> WHAT YOU WILL DO: Check each line of the listing for the string "open". Copy those where it appears.

(Beginning of MATERIAL TO PROCESS)

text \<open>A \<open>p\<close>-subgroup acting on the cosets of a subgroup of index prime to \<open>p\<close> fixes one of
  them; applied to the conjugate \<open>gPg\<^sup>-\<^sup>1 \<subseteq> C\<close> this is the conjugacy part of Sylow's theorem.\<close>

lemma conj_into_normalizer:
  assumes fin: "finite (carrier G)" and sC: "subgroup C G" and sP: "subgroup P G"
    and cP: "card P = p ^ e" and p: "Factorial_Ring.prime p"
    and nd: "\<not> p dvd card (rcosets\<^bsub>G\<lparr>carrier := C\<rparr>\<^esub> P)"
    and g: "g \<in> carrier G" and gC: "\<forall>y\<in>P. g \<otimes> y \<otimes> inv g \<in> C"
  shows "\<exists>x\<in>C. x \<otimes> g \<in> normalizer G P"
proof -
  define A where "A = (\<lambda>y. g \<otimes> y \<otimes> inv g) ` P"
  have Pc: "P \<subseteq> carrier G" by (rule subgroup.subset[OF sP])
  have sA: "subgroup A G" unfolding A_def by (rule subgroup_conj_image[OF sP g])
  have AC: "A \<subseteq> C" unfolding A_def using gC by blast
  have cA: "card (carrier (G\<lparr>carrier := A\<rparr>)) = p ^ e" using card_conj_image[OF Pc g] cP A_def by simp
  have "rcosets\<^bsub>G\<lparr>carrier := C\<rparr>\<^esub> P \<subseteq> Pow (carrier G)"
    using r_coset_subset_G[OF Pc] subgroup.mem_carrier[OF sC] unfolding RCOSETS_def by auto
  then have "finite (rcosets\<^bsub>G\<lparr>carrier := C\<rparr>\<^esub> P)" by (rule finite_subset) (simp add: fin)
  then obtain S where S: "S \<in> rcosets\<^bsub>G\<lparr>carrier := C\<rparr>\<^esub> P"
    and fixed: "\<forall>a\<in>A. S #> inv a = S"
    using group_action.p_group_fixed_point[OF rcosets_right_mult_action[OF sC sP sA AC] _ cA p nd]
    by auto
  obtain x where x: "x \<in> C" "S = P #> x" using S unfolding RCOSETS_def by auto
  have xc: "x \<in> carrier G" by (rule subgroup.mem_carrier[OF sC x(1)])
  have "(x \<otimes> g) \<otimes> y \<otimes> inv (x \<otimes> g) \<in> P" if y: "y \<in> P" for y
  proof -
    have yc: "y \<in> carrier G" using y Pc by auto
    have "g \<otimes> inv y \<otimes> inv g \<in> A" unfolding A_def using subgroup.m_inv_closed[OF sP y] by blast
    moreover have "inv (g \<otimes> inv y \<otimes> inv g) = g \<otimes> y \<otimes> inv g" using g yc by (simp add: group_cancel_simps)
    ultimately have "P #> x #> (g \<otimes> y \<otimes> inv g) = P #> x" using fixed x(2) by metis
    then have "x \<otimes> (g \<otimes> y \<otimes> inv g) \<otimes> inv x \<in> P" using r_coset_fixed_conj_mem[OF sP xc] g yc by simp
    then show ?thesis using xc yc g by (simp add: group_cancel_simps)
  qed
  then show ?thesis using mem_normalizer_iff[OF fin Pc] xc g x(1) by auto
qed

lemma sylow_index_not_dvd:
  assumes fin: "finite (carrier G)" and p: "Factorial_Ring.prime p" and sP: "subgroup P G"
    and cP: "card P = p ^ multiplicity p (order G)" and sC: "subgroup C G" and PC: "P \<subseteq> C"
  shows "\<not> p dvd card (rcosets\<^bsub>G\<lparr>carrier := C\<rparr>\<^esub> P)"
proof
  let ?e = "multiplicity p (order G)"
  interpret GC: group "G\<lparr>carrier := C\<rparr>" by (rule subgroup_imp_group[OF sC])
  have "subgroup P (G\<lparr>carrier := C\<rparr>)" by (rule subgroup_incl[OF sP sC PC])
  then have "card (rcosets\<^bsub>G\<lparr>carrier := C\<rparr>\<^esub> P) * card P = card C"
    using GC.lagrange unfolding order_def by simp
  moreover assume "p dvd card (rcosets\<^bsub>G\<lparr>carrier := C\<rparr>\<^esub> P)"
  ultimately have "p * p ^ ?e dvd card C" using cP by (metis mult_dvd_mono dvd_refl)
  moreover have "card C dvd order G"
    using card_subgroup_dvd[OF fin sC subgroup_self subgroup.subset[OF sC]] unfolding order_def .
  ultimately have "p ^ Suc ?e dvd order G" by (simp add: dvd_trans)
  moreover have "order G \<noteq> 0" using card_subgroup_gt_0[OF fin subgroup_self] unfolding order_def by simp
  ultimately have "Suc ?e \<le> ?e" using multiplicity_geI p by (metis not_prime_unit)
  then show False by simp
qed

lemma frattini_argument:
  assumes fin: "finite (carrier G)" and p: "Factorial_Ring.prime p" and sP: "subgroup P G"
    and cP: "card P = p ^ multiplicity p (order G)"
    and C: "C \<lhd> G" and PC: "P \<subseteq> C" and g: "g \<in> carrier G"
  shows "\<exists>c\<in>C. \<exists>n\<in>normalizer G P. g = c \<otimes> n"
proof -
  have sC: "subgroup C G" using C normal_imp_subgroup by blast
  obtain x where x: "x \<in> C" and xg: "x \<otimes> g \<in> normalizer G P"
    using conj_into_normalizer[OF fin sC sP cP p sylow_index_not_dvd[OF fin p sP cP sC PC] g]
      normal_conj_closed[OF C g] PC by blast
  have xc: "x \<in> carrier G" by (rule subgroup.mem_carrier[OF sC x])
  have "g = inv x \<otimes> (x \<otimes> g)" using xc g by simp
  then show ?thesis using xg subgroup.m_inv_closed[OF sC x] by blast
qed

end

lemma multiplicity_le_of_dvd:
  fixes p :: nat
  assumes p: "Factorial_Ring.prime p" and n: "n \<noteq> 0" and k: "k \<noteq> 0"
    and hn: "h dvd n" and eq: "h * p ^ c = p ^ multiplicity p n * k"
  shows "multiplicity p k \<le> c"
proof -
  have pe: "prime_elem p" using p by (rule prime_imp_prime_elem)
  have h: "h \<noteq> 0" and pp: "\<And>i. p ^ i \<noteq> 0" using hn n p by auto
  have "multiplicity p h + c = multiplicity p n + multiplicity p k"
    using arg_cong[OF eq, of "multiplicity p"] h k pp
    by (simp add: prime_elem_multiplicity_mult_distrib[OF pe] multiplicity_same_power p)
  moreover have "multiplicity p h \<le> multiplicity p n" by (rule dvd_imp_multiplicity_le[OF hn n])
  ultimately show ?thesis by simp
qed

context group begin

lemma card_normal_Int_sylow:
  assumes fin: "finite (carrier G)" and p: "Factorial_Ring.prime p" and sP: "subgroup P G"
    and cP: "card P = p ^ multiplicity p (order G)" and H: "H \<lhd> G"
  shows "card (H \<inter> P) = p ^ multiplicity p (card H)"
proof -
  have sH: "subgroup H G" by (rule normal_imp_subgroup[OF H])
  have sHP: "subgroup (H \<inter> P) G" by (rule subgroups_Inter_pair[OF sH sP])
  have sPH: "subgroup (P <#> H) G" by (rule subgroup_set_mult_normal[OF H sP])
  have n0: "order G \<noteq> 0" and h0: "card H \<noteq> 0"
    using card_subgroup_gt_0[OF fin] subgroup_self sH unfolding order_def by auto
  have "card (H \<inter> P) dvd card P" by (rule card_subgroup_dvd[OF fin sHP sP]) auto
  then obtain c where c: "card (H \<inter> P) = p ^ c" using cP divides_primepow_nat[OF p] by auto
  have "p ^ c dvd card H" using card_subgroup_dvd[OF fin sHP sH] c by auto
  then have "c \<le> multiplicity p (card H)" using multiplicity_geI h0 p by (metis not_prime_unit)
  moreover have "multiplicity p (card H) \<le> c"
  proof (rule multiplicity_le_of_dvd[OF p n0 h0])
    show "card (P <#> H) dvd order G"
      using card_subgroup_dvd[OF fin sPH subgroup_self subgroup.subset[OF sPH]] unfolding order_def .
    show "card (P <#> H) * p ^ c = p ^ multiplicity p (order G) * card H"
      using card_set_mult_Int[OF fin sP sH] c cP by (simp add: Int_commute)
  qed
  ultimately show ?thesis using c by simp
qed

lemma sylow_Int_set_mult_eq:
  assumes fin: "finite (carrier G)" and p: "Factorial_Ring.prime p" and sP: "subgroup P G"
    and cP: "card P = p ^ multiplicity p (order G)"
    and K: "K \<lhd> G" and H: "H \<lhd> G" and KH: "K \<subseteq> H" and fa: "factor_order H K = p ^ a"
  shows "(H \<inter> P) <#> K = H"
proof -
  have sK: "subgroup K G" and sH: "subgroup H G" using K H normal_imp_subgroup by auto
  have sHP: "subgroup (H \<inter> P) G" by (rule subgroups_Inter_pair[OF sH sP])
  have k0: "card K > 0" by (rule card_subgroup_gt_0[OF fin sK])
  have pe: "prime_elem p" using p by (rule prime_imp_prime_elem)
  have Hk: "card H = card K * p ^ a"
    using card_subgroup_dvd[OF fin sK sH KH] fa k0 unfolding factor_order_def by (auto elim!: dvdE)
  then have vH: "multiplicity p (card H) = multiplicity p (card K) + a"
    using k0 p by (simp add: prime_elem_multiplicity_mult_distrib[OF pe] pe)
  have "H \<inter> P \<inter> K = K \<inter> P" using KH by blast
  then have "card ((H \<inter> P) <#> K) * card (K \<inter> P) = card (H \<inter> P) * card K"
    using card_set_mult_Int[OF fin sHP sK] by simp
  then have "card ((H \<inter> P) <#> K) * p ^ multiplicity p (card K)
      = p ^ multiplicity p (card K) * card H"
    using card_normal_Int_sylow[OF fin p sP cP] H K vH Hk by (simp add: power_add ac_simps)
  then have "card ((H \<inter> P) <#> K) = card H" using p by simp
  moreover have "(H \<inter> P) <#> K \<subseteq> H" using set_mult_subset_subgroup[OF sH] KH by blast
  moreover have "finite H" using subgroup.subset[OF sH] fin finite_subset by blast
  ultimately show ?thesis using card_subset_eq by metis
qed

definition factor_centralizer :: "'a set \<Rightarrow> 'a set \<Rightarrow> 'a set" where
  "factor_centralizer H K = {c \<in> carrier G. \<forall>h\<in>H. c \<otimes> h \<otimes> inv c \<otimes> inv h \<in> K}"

(End of MATERIAL TO PROCESS)

> TASK SOLUTION:
text \<open>A \<open>p\<close>-subgroup acting on the cosets of a subgroup of index prime to \<open>p\<close> fixes one of
  them; applied to the conjugate \<open>gPg\<^sup>-\<^sup>1 \<subseteq> C\<close> this is the conjugacy part of Sylow's theorem.\<close>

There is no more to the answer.